Взмахнул шашкой Иван Кочубей, сразил еще трех врагов и почувствовал, что не может больше поднять свою руку, – ослабел, ушла вместе с кровью горячей сила богатырская. Закачалась перед ним степь широкая, синие тени на глаза набежали, почернело солнце ясное… И упал казак Иван Кочубей мертвым на песок.

Примчался тут на коне Белый Генерал, взмахнул шашкой, разрубил грудь казака и вырвал горячее сердце.

Вспыхнуло сердце пламенной отвагой-ненавистью и испепелило врага – Генерала. А вольный ветер-степняк подхватил жар казачьего сердца и понес его к Кубани родимой, пронес над станицами и хуторами, селами и аулами.

И от горячего сердечного жара загорелись ненавистью к белым все те, у кого мозоли с рук не сходили, кто годами добывал богатство для богатеев-мироедов. Где капля горячей крови Ивана Кочубея на землю падала, там стоял конник с алой лентой поперек папахи. Мозолистые руки грозно шашки острые сжимали, кони копытами землю били. И звали себя эти конники кочубеевцами.

Когда пошли в атаку на белых красные полки, кочубеевцы с другой стороны на врага ударили. И пришел тут белым полчищам конец.

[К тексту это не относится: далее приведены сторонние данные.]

text \<open>A minimiser can be sought among fields with values in \<open>[0, max \<psi>]\<close>, a compact set, because
  clamping to that interval does not increase the energy; this also makes it nonnegative.\<close>

lemma exists_nonneg_dirichlet_minimiser:
  fixes A B :: "(int^'d) set"
  assumes "finite A" and \<psi>: "\<forall>x\<in>A. 0 \<le> \<psi> x"
  shows "\<exists>h. (\<forall>x. 0 \<le> h x) \<and> (\<forall>\<phi>. dirichlet L (glue A B \<psi> h) \<le> dirichlet L (glue A B \<psi> \<phi>))"
proof -
  define M where "M = Max (insert 0 (\<psi> ` A))"
  have "0 \<le> M" and \<psi>M: "\<And>x. x \<in> A \<Longrightarrow> \<psi> x \<le> M"
    unfolding M_def using \<open>finite A\<close> by auto
  define K where "K = PiE (UNIV::(int^'d) set) (\<lambda>x. if x \<in> B then {0..M} else {0::real})"
  have "compactin (product_topology (\<lambda>_. euclidean) UNIV) K"
    unfolding K_def compactin_PiE by auto
  then have "compact K"
    by (simp add: euclidean_product_topology)
  moreover have "K \<noteq> {}"
    unfolding K_def using \<open>0 \<le> M\<close> by (auto simp: PiE_eq_empty_iff)
  ultimately obtain h where "h \<in> K" and hmin: "\<forall>k\<in>K. dirichlet L (glue A B \<psi> h) \<le> dirichlet L (glue A B \<psi> k)"
    using continuous_attains_inf continuous_on_subset[OF continuous_on_dirichlet_glue] by (metis subset_UNIV)
  have "dirichlet L (glue A B \<psi> h) \<le> dirichlet L (glue A B \<psi> \<phi>)" for \<phi>
  proof -
    define k where "k = (\<lambda>x. if x \<in> B then max 0 (min M (\<phi> x)) else 0)"
    have "k \<in> K"
      unfolding k_def K_def using \<open>0 \<le> M\<close> by (auto simp: PiE_iff)
    then have "dirichlet L (glue A B \<psi> h) \<le> dirichlet L (glue A B \<psi> k)"
      using hmin by blast
    also have "glue A B \<psi> k = (\<lambda>x. max 0 (min M (glue A B \<psi> \<phi> x)))"
      using \<psi> \<psi>M \<open>0 \<le> M\<close> by (auto simp: glue_def k_def)
    also have "dirichlet L \<dots> \<le> dirichlet L (glue A B \<psi> \<phi>)"
      by (rule dirichlet_clamp_le)
    finally show ?thesis .
  qed
  moreover have "\<forall>x. 0 \<le> h x"
    using \<open>h \<in> K\<close> unfolding K_def by (auto simp: PiE_iff split: if_splits)
  ultimately show ?thesis
    by blast
qed

lemma linear_coeff_eq_0_if_quadratic_nonneg:
  fixes l q :: real
  assumes "\<forall>t. 0 \<le> 2 * t * l + t^2 * q"
  shows "l = 0"
proof (rule ccontr)
  assume "l \<noteq> 0"
  have "0 \<le> q"
    using assms[rule_format, of 1] assms[rule_format, of "-1"] by simp
  define t where "t = - l / (q + 1)"
  have t: "t * (q + 1) = - l"
    using \<open>0 \<le> q\<close> by (simp add: t_def)
  have "(q + 1)^2 * (2 * t * l + t^2 * q) = 2 * l * (q + 1) * (t * (q + 1)) + (t * (q + 1))^2 * q"
    by (simp add: power2_eq_square algebra_simps)
  also have "\<dots> = - (l^2 * (q + 2))"
    unfolding t by (simp add: power2_eq_square algebra_simps)
  also have "\<dots> < 0"
    using \<open>l \<noteq> 0\<close> \<open>0 \<le> q\<close> by (simp add: mult_pos_pos)
  finally show False
    using assms \<open>0 \<le> q\<close> by (metis mult_nonneg_nonneg not_le zero_le_power2)
qed

text \<open>The first-order condition at the minimiser \<open>h\<close> (its harmonicity off \<open>A\<close>) kills the
  cross term.\<close>

lemma dirichlet_glue_pythagoras:
  assumes "A \<inter> B = {}"
    and hmin: "\<forall>\<phi>. dirichlet L (glue A B \<psi> h) \<le> dirichlet L (glue A B \<psi> \<phi>)"
  shows "dirichlet L (glue A B \<psi> (\<lambda>x. \<eta> x + h x)) = dirichlet L (glue A B \<psi> h) + dirichlet L (zext B \<eta>)"
proof -
  have perturb: "glue A B \<psi> (\<lambda>x. h x + t * \<eta> x) = (\<lambda>x. glue A B \<psi> h x + t * zext B \<eta> x)" for t
    using assms(1) by (auto simp: glue_def zext_def fun_eq_iff)
  have "\<forall>t. 0 \<le> 2 * t * dirichlet_inner L (glue A B \<psi> h) (zext B \<eta>) + t^2 * dirichlet L (zext B \<eta>)"
    using hmin[rule_format, of "\<lambda>x. h x + _ * \<eta> x"] by (simp add: perturb dirichlet_add_scaled)
  then have "dirichlet_inner L (glue A B \<psi> h) (zext B \<eta>) = 0"
    by (rule linear_coeff_eq_0_if_quadratic_nonneg)
  then show ?thesis
    using perturb[of 1] dirichlet_add_scaled[of L "glue A B \<psi> h" 1 "zext B \<eta>"]
    by (simp add: add.commute)
qed

lemma Ham_glue_split:
  fixes A B L :: "(int^'d) set"
  assumes "finite L" and AB: "A \<inter> B = {}" "A \<union> B = L" and "\<forall>x\<in>A. 0 \<le> \<psi> x"
  obtains h C where "\<forall>x. 0 \<le> h x"
    and "\<And>\<eta>. Ham L (glue A B \<psi> (\<lambda>x. \<eta> x + h x)) = C + Ham B (zext B \<eta>)"
proof -
  have "finite A"
    using assms finite_subset by blast
  then obtain h where "\<forall>x. 0 \<le> h x"
    and hmin: "\<forall>\<phi>. dirichlet L (glue A B \<psi> h) \<le> dirichlet L (glue A B \<psi> \<phi>)"
    using exists_nonneg_dirichlet_minimiser assms(4) by blast
  have "dirichlet B (zext B \<eta>) = dirichlet L (zext B \<eta>)" for \<eta>
    using AB \<open>finite L\<close> by (intro dirichlet_eq_if_vanishing_outside) (auto simp: zext_def)
  then have "Ham L (glue A B \<psi> (\<lambda>x. \<eta> x + h x)) = Ham L (glue A B \<psi> h) + Ham B (zext B \<eta>)" for \<eta>
    using dirichlet_glue_pythagoras[OF AB(1) hmin] by (simp add: Ham_eq_dirichlet add_divide_distrib)
  with \<open>\<forall>x. 0 \<le> h x\<close> show thesis
    using that by blast
qed

abbreviation Leb :: "'i set \<Rightarrow> ('i \<Rightarrow> real) measure" where
  "Leb B \<equiv> PiM B (\<lambda>_. lborel)"

abbreviation gibbs :: "(int^'d) set \<Rightarrow> (int^'d \<Rightarrow> real) \<Rightarrow> real" where
  "gibbs B \<omega> \<equiv> exp (- Ham B (zext B \<omega>))"

abbreviation nonneg_on :: "'a set \<Rightarrow> ('a \<Rightarrow> real) set" where
  "nonneg_on S \<equiv> {\<phi>. \<forall>x\<in>S. 0 \<le> \<phi> x}"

Много лет прошло с тех пор, но до сих дней горит яркий кочубеевский огонь в сердцах у кубанцев. С молоком матери разливается он по жилам кубанских казачат. Потому так упорны и неутомимы в труде наши земляки, потому нет для них ничего дороже Родины.

Теплый камень

Рассказывают, что еще лет сорок тому назад не было здесь этих розовых скал. Был тогда на этом месте брод через реку Белую, а за ним горная дорога на хутора.

Когда сражались кубанские партизаны в гражданскую войну за нашу Советскую власть, на Темнолесских хуторах их штаб размещался, а вокруг, по горам, бродили белые банды. Кулаки, атаманы, офицеры царские бешеной злобой кипели против Советской власти. Не щадили они ни женщин, ни детей, ни стариков – всех рубили и стреляли. Если попадались в их руки раненые красноармейцы или красные партизаны, тут они: всю лютость свою показывали. Не было мук, каких бы не придумали злодеи для своих пленников. Горели черные бандитские сердца смертельной ненавистью к людям, которые сражались за советскую правду, против злобы и насилия.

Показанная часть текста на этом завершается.